Friends of the Dales recently launched its new volunteer network, Creative Campaigners, for people aged 20-30 who live locally and are interested in actively and creatively contributing to its environmental campaigns.




THROUGH the creation of a close working relationship with younger people, the charity hopes to better understand that age group's viewpoints and bring more diverse voices to its campaigning work − which includes being one of the first environmental organisations to lobby against the devastating legacy of plastic tree guards.

Friends of the Dales trustee, Mohammed Dhalech who supported the launch day said: “The busy day included a tour around Hill Top Farm, Malham, a traditional livestock farm embracing biodiversity and sustainability, as featured in Saving our Wild Isles (WWF, RSPB, NT, Silverback Films) with Neil Heseltine and Leigh Weston.

"What came through in conversations I had during the day was the diversity and the different lifestyles the Creative Campaigners came from, and the passion that young people had for this work. After a shared lunch, we all participated in a creative session led by one of the Creative Campaigners, Bess Holt. This enabled the group to reflect on the day by creating a Zine (mini magazine).”

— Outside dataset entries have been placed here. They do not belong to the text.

lemma leaf_list_del_leaf:
  "k < length (leaves t) \<Longrightarrow>
   leaf_list (del_leaf k t) = take k (leaves t) @ drop (Suc k) (leaves t)"
proof (induction t arbitrary: k)
  case (J l r)
  have left: "leaf_list (case d of None \<Rightarrow> Some r | Some l' \<Rightarrow> Some (J l' r)) = leaf_list d @ leaves r"
    and right: "leaf_list (case d of None \<Rightarrow> Some l | Some r' \<Rightarrow> Some (J l r')) = leaves l @ leaf_list d"
    for d by (cases d; simp add: leaf_list_def)+
  show ?case
  proof (cases "k < length (leaves l)")
    case True
    then show ?thesis using J.IH(1)[OF True] by (simp add: nleaves_def left)
  next
    case False
    then have "k - length (leaves l) < length (leaves r)" using J.prems by simp
    with False show ?thesis using J.IH(2) by (simp add: nleaves_def right Suc_diff_le)
  qed
qed (simp add: leaf_list_def)

lemma mset_del_leaf:
  assumes "k < length (leaves t)"
  shows "mset (leaf_list (del_leaf k t)) = mset (leaves t) - {#leaves t ! k#}"
proof -
  have "mset (leaves t) = add_mset (leaves t ! k) (mset (take k (leaves t) @ drop (Suc k) (leaves t)))"
    by (subst id_take_nth_drop[OF assms]) simp
  then show ?thesis using leaf_list_del_leaf[OF assms] by simp
qed

section \<open>The leaf multiset and its expressed variables\<close>

definition leaf_mset :: "stree option \<Rightarrow> lit multiset" where
  "leaf_mset X = mset (leaf_list X)"

definition pos_count :: "lit multiset \<Rightarrow> nat \<Rightarrow> nat" where
  "pos_count M i = count M (i, True)"

definition neg_count :: "lit multiset \<Rightarrow> nat \<Rightarrow> nat" where
  "neg_count M i = count M (i, False)"

definition expressed :: "lit multiset \<Rightarrow> nat \<Rightarrow> bool" where
  "expressed M i \<longleftrightarrow> 1 \<le> pos_count M i \<and> neg_count M i \<le> pos_count M i"

definition expressed_vars :: "nat \<Rightarrow> lit multiset \<Rightarrow> nat set" where
  "expressed_vars n M = {i \<in> {1..n}. expressed M i}"

definition num_expressed :: "nat \<Rightarrow> lit multiset \<Rightarrow> nat" where
  "num_expressed n M = card (expressed_vars n M)"

definition weight :: "nat \<Rightarrow> (nat \<Rightarrow> real) \<Rightarrow> lit multiset \<Rightarrow> real" where
  "weight n w M = sum w (expressed_vars n M)"

text \<open>The excess counts the leaves not needed to express the expressed variables.\<close>
definition excess :: "nat \<Rightarrow> lit multiset \<Rightarrow> nat" where
  "excess n M = size M - num_expressed n M"

definition nodes_of_leaves :: "nat \<Rightarrow> nat" where
  "nodes_of_leaves L = (if L = 0 then 0 else 2 * L - 1)"

lemma expressed_vars_subset: "expressed_vars n M \<subseteq> {1..n}"
  by (auto simp: expressed_vars_def)

lemma finite_expressed_vars [simp]: "finite (expressed_vars n M)"
  by (simp add: expressed_vars_def)

lemma leaf_mset_None: "leaf_mset None = {#}"
  and leaf_mset_Some: "leaf_mset (Some t) = mset (leaves t)"
  by (simp_all add: leaf_mset_def leaf_list_def)

lemma wmaj_eq_weight: "wmaj n w X = weight n w (leaf_mset X)"
proof -
  have "wmaj n w X = (\<Sum>i\<in>{1..n}. if expressed (leaf_mset X) i then w i else 0)"
    by (simp add: wmaj_def expressed_def pos_count_def neg_count_def leaf_mset_def count_mset)
  also have "\<dots> = sum w (expressed_vars n (leaf_mset X))"
    unfolding expressed_vars_def by (rule sum.inter_filter[symmetric]) simp
  finally show ?thesis by (simp add: weight_def)
qed

lemma cplx_eq_nodes_of_leaves: "cplx X = nodes_of_leaves (size (leaf_mset X))"
  by (cases X) (auto simp: cplx_def leaf_mset_def leaf_list_def nnodes_leaves
      nodes_of_leaves_def leaves_nonempty)

lemma nodes_of_leaves_le_iff: "nodes_of_leaves a \<le> nodes_of_leaves b \<longleftrightarrow> a \<le> b"
  by (auto simp: nodes_of_leaves_def)

text \<open>Literals over distinct variables are distinct, so the leaf counts over any finite set
  of variables add up to at most the number of leaves.\<close>
lemma sum_counts_le_size:
  "finite I \<Longrightarrow> (\<Sum>i\<in>I. pos_count M i + neg_count M i) \<le> size M"
proof (induction M)
  case empty
  then show ?case by (simp add: pos_count_def neg_count_def)
next
  case (add x M)
  obtain j c where x: "x = (j, c)" by (cases x)
  have "(\<Sum>i\<in>I. pos_count (add_mset x M) i + neg_count (add_mset x M) i)
        = (\<Sum>i\<in>I. pos_count M i + neg_count M i) + (\<Sum>i\<in>I. if i = j then 1 else 0)"
    by (cases c) (auto simp: x pos_count_def neg_count_def sum.distrib[symmetric] intro!: sum.cong)
  also have "(\<Sum>i\<in>I. if i = j then 1 else 0) \<le> (1::nat)"
    using add.prems by (simp add: sum.delta)
  finally show ?case using add by simp
qed

text \<open>Every expressed variable needs at least one leaf.\<close>
lemma num_expressed_le_counts:
  "num_expressed n M \<le> (\<Sum>i\<in>expressed_vars n M. pos_count M i + neg_count M i)"
proof -
  have "num_expressed n M = (\<Sum>i\<in>expressed_vars n M. 1)" by (simp add: num_expressed_def)
  also have "\<dots> \<le> (\<Sum>i\<in>expressed_vars n M. pos_count M i + neg_count M i)"
    by (rule sum_mono) (auto simp: expressed_vars_def expressed_def)
  finally show ?thesis .
qed

lemma num_expressed_le_size: "num_expressed n M \<le> size M"
  using num_expressed_le_counts sum_counts_le_size[OF finite_expressed_vars] le_trans by blast

lemma num_expressed_le_n: "num_expressed n M \<le> n"
  using card_mono[OF _ expressed_vars_subset, of n M] by (simp add: num_expressed_def)

lemma size_eq_excess_plus: "size M = excess n M + num_expressed n M"
  using num_expressed_le_size[of n M] by (simp add: excess_def)

lemma no_excess_unexpressed_absent:
  assumes "excess n M = 0" "i \<in> {1..n}" "i \<notin> expressed_vars n M"
  shows "pos_count M i = 0 \<and> neg_count M i = 0"
proof -
  let ?E = "expressed_vars n M"
  have "pos_count M i + neg_count M i + (\<Sum>j\<in>?E. pos_count M j + neg_count M j)
        = (\<Sum>j\<in>insert i ?E. pos_count M j + neg_count M j)"
    using assms(3) by simp
  also have "\<dots> \<le> size M" by (rule sum_counts_le_size) simp
  finally show ?thesis
    using num_expressed_le_counts[of n M] size_eq_excess_plus[of M n] assms(1) by linarith
qed

section \<open>Locality: accepted mutations never lose expressed variables\<close>

definition same_outside :: "nat set \<Rightarrow> lit multiset \<Rightarrow> lit multiset \<Rightarrow> bool" where
  "same_outside S M M' \<longleftrightarrow> (\<forall>i b. i \<notin> S \<longrightarrow> count M' (i, b) = count M (i, b))"

lemma expressed_vars_same_outside:
  assumes "same_outside S M M'"
  shows "expressed_vars n M' - S = expressed_vars n M - S"
proof -
  have "pos_count M' i = pos_count M i \<and> neg_count M' i = neg_count M i" if "i \<notin> S" for i
    using assms that by (simp add: same_outside_def pos_count_def neg_count_def)
  then show ?thesis by (auto simp: expressed_vars_def expressed_def)
qed

lemma num_expressed_split:
  "num_expressed n M = card (expressed_vars n M - S) + card (expressed_vars n M \<inter> S)"
proof -
  have split: "expressed_vars n M = (expressed_vars n M - S) \<union> (expressed_vars n M \<inter> S)" by auto
  show ?thesis unfolding num_expressed_def by (subst split, rule card_Un_disjoint) auto
qed

lemma weight_split:
  "weight n w M = sum w (expressed_vars n M - S) + sum w (expressed_vars n M \<inter> S)"
proof -
  have split: "expressed_vars n M = (expressed_vars n M - S) \<union> (expressed_vars n M \<inter> S)" by auto
  show ?thesis unfolding weight_def by (subst split, rule sum.union_disjoint) auto
qed

lemma card_less_imp_psubset_in_pair:
  assumes "finite S" "card S \<le> 2" "A \<subseteq> S" "A' \<subseteq> S" "card A' < card A"
  shows "A' \<subset> A"
proof (cases "card A = 2")
  case True
  then have "A = S" using assms card_subset_eq[of S A] card_mono[of S A] by simp
  then show ?thesis using assms by auto
next
  case False
  then have "card A \<le> 1" using assms card_mono[of S A] by simp
  then have "card A' = 0" using assms by simp
  moreover have "finite A'" using assms finite_subset by blast
  ultimately have "A' = {}" by simp
  then show ?thesis using assms by auto
qed

lemma card_le_imp_subset_in_singleton:
  assumes "finite S" "card S \<le> 1" "A \<subseteq> S" "A' \<subseteq> S" "card A' \<le> card A"
  shows "A' \<subseteq> A"
proof (cases "A = {}")
  case True
  then have "card A' = 0" using assms by simp
  moreover have "finite A'" using assms finite_subset by blast
  ultimately have "A' = {}" by simp
  then show ?thesis by simp
next
  case False
  have "finite A" using assms finite_subset by blast
  with False have "card A \<noteq> 0" by simp
  moreover have "card A \<le> card S" using assms card_mono by blast
  ultimately have "card A = card S" using assms(2) by linarith
  then have "A = S" using card_subset_eq[OF assms(1,3)] by simp
  then show ?thesis using assms by auto
qed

Research undertaken by Campaign for National Parks (CNP) indicates that young people who are not involved within their own local National Park or rural community, tend not to stay there − a dissociation that can also lead to disengagement from accessing nature and the countryside. With several of its own youth engagement programmes, including New Perspectives and its National Park Youth Ambassador scheme, the national charity also supported the event, with Harriet Gardener, Senior Communications Officer for CNP joining the day as a guest.

“I couldn’t have asked for better company on my first trip to the Yorkshire Dales,” said Harriet.

"It was such a pleasure to meet every single participant and chat about the future of campaigning and the future they’d like to see. The visit to Hill Top Farm inspired genuine, insightful conversation, and there was a real buzz in the air – and not just from the thriving nature that calls the farm home. I thoroughly enjoyed the day and can’t wait to see the contributions from the cohort.”

One of the new Creative Campaigners, Charlotte Mudd who has grown up within a farming family in the Yorkshire Dales was complimentary of the impact the event had on her, saying: “The key message I took away from the Creative Campaigners visit to Hill Top Farm is that there is no right way to farm − each farm is individual due to the land it sits on and the person it’s farmed by and their values. Farming doesn't have to be high input – in terms of time, labour or money, to be profitable. Animals can be farmed in a hands-off, low-input way, that lets the animals display their natural behaviours and live in a semi-wild and natural existence. Biodiversity change and improvement can happen quite quickly. After visiting Hill Top Farm a couple of times now, my eyes have been opened to another way of farming that I would be interested in. This has given me hope for the future.”

Another young environmentalist and Creative Campaigner, Esther Abramson from Ilkley added: “Caring about the wellbeing of the planet can sometimes feel like a lonely endeavour, so connection and community are really important.”

Friends of the Dales Creative Campaigners, in addition to receiving planned environmental experiences, will also get the opportunity to contribute to its press and media campaigns, create written and artistic contributions for its quarterly magazine, Yorkshire Dales Review and work alongside its staff and trustees to gain hands on knowledge and experience of how the campaigning charity operates.

“This is the beginning of a new journey for Friends of the Dales,” added Mohammed Dhalech. “Effective youth engagement needs to be a priority for the charity, working with young people going into the future. Creative Campaigners can help empower young people to become a positive voice for change in their communities and for Friends of the Dales.”

The main photograph by Harriet Gardiner shows, from the left: Trustee Mohammed Dhalech, Jonny Cunningham, Ruth Garrett, Bess Holt, Josh Burge, Neil Heseltine, Esther Abramson, Leigh Weston, Charlotte Mudd and Steph Carr.